Kid Rock / YouTube
Prior to 2002, no one considered Kid Rock to be a country artist. While the then-30-year-old singer had jumped from genre to genre in the past, country wasn’t one of them.
But as you know, today, Rock has found himself more at home in the country music community than any other. His last album, 2017’s Sweet Southern Sugar, was labeled as a mix between rock and country music.
So how did the former rapper and hip-hop star end up recording songs with titles such as “Tennessee Mountain Top” and “Po-Dunk?” Well, it’s all because of one single with a one-word title…”Picture.”
Most people think that Rock’s introduction into country music was when he released his smash hit “All Summer Long” in 2008. The song became Rocks’ first (and only) Top 10 country hit in the U.S., and topped the charts in various other countries around the world.
But “All Summer Long” was actually Rock’s second big country music success. The first was his 2002 single “Picture,” which featured Sheryl Crow as his duet partner.
The song went on to claim the 21st spot on the Hot Country Songs chart, but excelled as a crossover hit. It climbed all the way to the fourth spot on the all-genre Billboard Hot 100, performing even better on that chart than “All Summer Long” did six years later.
Now known as one of his signature songs, Rock performs “Picture” every chance he gets. But since Crow isn’t always there to sing with him, he will sometimes invite other female artists to participate in the duet.
Rock seems to perfectly adapt to whoever he sings “Picture” with, and there’s a good reason for that.

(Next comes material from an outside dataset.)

(* (Subject reduction for NLPCF.) If $\Gamma;\Delta\vdash e:\tau$ and $e\rightsquigarrow e'$, then $\Gamma;\Delta\vdash e':\tau$.
   Context: NLPCF is LPCF extended with non-determinism. Types: $\tau ::= \mathsf{Nat}\mid\mathsf{Bool}\mid \tau\,\&\,\tau' \mid \tau\otimes\tau' \mid \tau\multimap\tau' \mid \tau\to\tau'\mid\mathsf{T}\tau$. Terms: $e ::= x \mid \mathtt{0},\mathtt{1},\dots \mid \mathtt{succ}\mid\mathtt{pred}\mid\mathtt{iszero} \mid \lambda x.e \mid e\,e' \mid \mathtt{true}\mid\mathtt{false} \mid \mathtt{if}\ e_1\ \mathtt{then}\ e_2\ \mathtt{else}\ e_3 \mid \langle e_1,e_2\rangle \mid \mathtt{proj}_i(e) \mid \mathtt{fix}_\tau \mid e_1\otimes e_2 \mid \mathtt{let}\ x\otimes y = e\ \mathtt{in}\ e' \mid \mathtt{val}(e)\mid \mathtt{bind}\ x\Leftarrow e\ \mathtt{in}\ e'\mid e\sqcap e'$, up to $\alpha$-equivalence, with capture-avoiding substitution. Typing judgements $\Gamma;\Delta\vdash e:\tau$ ($\Gamma$ non-linear, $\Delta$ linear environments, disjoint domains; $\Delta,\Delta'$ disjoint union): $\Gamma;\emptyset\vdash x:\tau$ if $x:\tau\in\Gamma$; $\Gamma;x:\tau\vdash x:\tau$ if $x\notin\Gamma$; $\Gamma;\emptyset\vdash\mathtt{fix}_\tau:(\tau\to\tau)\to\tau$; numerals $:\mathsf{Nat}$, $\mathtt{true},\mathtt{false}:\mathsf{Bool}$, $\mathtt{succ},\mathtt{pred}:\mathsf{Nat}\multimap\mathsf{Nat}$, $\mathtt{iszero}:\mathsf{Nat}\multimap\mathsf{Bool}$ (all with empty $\Delta$); from $\Gamma;\Delta\vdash e_1:\mathsf{Bool}$, $\Gamma;\Delta'\vdash e_2:\tau$, $\Gamma;\Delta'\vdash e_3:\tau$ infer $\Gamma;\Delta,\Delta'\vdash\mathtt{if}\ e_1\ \mathtt{then}\ e_2\ \mathtt{else}\ e_3:\tau$; from $\Gamma;\Delta\vdash e_i:\tau_i$ infer $\Gamma;\Delta\vdash\langle e_1,e_2\rangle:\tau_1\&\tau_2$; from $\Gamma;\Delta\vdash e:\tau_1\&\tau_2$ infer $\Gamma;\Delta\vdash\mathtt{proj}_i(e):\tau_i$; from $\Gamma;\Delta_i\vdash e_i:\tau_i$ infer $\Gamma;\Delta_1,\Delta_2\vdash e_1\otimes e_2:\tau_1\otimes\tau_2$; from $\Gamma;\Delta,x:\tau_1,y:\tau_2\vdash e:\tau$ and $\Gamma;\Delta'\vdash e':\tau_1\otimes\tau_2$ infer $\Gamma;\Delta,\Delta'\vdash\mathtt{let}\ x\otimes y=e'\ \mathtt{in}\ e:\tau$; from $\Gamma,x:\tau;\Delta\vdash e:\tau'$ infer $\Gamma;\Delta\vdash\lambda x.e:\tau\to\tau'$; from $\Gamma;\Delta\vdash e:\tau'\to\tau$, $\Gamma;\emptyset\vdash e':\tau'$ infer $\Gamma;\Delta\vdash e\,e':\tau$; from $\Gamma;\Delta,x:\tau\vdash e:\tau'$ infer $\Gamma;\Delta\vdash\lambda x.e:\tau\multimap\tau'$; from $\Gamma;\Delta\vdash e:\tau'\multimap\tau$, $\Gamma;\Delta'\vdash e':\tau'$ infer $\Gamma;\Delta,\Delta'\vdash e\,e':\tau$; from $\Gamma;\Delta\vdash e:\tau$ infer $\Gamma;\Delta\vdash\mathtt{val}(e):\mathsf{T}\tau$; from $\Gamma;\emptyset\vdash e_1:\mathsf{T}\tau_1$ and $\Gamma,x:\tau_1;\Delta\vdash e_2:\mathsf{T}\tau_2$ infer $\Gamma;\Delta\vdash\mathtt{bind}\ x\Leftarrow e_1\ \mathtt{in}\ e_2:\mathsf{T}\tau_2$; from $\Gamma;\Delta\vdash e_1:\mathsf{T}\tau_1$ and $\Gamma;\Delta',x:\tau_1\vdash e_2:\mathsf{T}\tau_2$ infer $\Gamma;\Delta,\Delta'\vdash\mathtt{bind}\ x\Leftarrow e_1\ \mathtt{in}\ e_2:\mathsf{T}\tau_2$; from $\Gamma;\Delta\vdash e_i:\mathsf{T}\tau$ ($i=1,2$) infer $\Gamma;\Delta\vdash e_1\sqcap e_2:\mathsf{T}\tau$. One-step reduction $\rightsquigarrow$: least relation containing $(\lambda x.e)e'\rightsquigarrow e[e'/x]$; $\mathtt{fix}_\tau\,e\rightsquigarrow e(\mathtt{fix}_\tau\,e)$; $\mathtt{succ}\,n\rightsquigarrow n+1$; $\mathtt{pred}\,0\rightsquigarrow0$; $\mathtt{pred}\,n\rightsquigarrow n-1$ ($n\ge1$); $\mathtt{iszero}\,0\rightsquigarrow\mathtt{true}$; $\mathtt{iszero}\,n\rightsquigarrow\mathtt{false}$ ($n\ge1$); $\mathtt{if}\ \mathtt{true}\ \mathtt{then}\ e_1\ \mathtt{else}\ e_2\rightsquigarrow e_1$; $\mathtt{if}\ \mathtt{false}\ \mathtt{then}\ e_1\ \mathtt{else}\ e_2\rightsquigarrow e_2$; $\mathtt{proj}_i\langle e_1,e_2\rangle\rightsquigarrow e_i$; $\mathtt{let}\ x\otimes y=e_1\otimes e_2\ \mathtt{in}\ e\rightsquigarrow e[e_1/x,e_2/y]$; $\mathtt{bind}\ x\Leftarrow\mathtt{val}(e')\ \mathtt{in}\ e\rightsquigarrow(\lambda x.e)e'$ when $e'\not\rightsquigarrow$; $e_1\sqcap e_2\rightsquigarrow e_i$ ($i=1,2$); closed under $\mathcal{E}[e_1]\rightsquigarrow\mathcal{E}[e_2]$ for evaluation contexts $\mathcal{E}::=[\,]\mid\mathtt{succ}(\mathcal{E})\mid\mathtt{pred}(\mathcal{E})\mid\mathtt{iszero}(\mathcal{E})\mid\mathcal{E}\,e\mid\mathtt{if}\ \mathcal{E}\ \mathtt{then}\ e_1\ \mathtt{else}\ e_2\mid\mathtt{proj}_i(\mathcal{E})\mid\mathtt{let}\ x\otimes y=\mathcal{E}\ \mathtt{in}\ e\mid\mathtt{bind}\ x\Leftarrow\mathcal{E}\ \mathtt{in}\ e\mid\mathtt{val}(\mathcal{E})$. *)

theory Defs
  imports Main
begin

It’s a reason rooted in a bit of drama that occurred behind the scenes before the song ever reached radio. And that drama nearly kept the song from ever being released in the first place…
As mentioned earlier, Rock recorded “Picture” with Crow as his duet partner. However, things were a bit complicated because Rock and Crow were signed under separate labels.
Despite efforts made by Rock’s label, Atlantic Records, they couldn’t get permission from Crow’s label, A&M Records, to release the song as a single.
That left Rock with a song he wanted to make a single, but no approved duet partner to sing it with. Rather than ditch the song entirely, Rock and his team tracked down a new duet partner, alternative country singer Allison Moorer.
Even though Moorer was signed to A&M’s sister label Universal South Records, her label had no issues with “Picture” being released as a single with her vocals attached. So contrary to what you’ve likely always believed, it was Rock and Moorer’s rendition of the song that was officially released on a commercial scale, not Rock and Crow’s.
Now we know what you’re thinking…but why is it that you always heard Crow on “Picture” instead of Moorer? An interesting twist in the behind-the-scenes drama explains the reason why.
Despite the fact that Rock’s label only had permission to distribute the Moorer version of the song, radio stations somehow got their hands on the original rendition that featured Crow. While those stations, mostly mainstream and rock/alternative, played Crow’s recording, more country stations played the version that featured Moorer.
Both renditions caught on, with the Rock/Crow version being the most popular of the two. Because of this, it was Crow who was featured in the song’s official music video, not Moorer.
Because two featured artists were connected to the track, it was credited in a unique way on the Billboard charts. Both Crow and Moorer were named in the credits no matter where the song appeared, with the charts listing it as being by Rock featuring Crow or Moorer.
The hidden drama that occurred prior to the release of “Picture” threatened to end its run as a single before it ever was one. Rock and his team found a replacement in Moorer, but never could have anticipated that radio would still play the unauthorized version of the song that featured Crow.
So instead of never being released at all, “Picture” was released not once, but twice, featuring two different artists. It’s one of the most unique stories about a country song’s release that we’ve ever heard, and we’re sure the same is true for you too.
Did y’all ever hear about the huge mess that occurred before “Picture” debuted? Or better yet, did you even know there were two versions? If you didn’t, you can now understand why!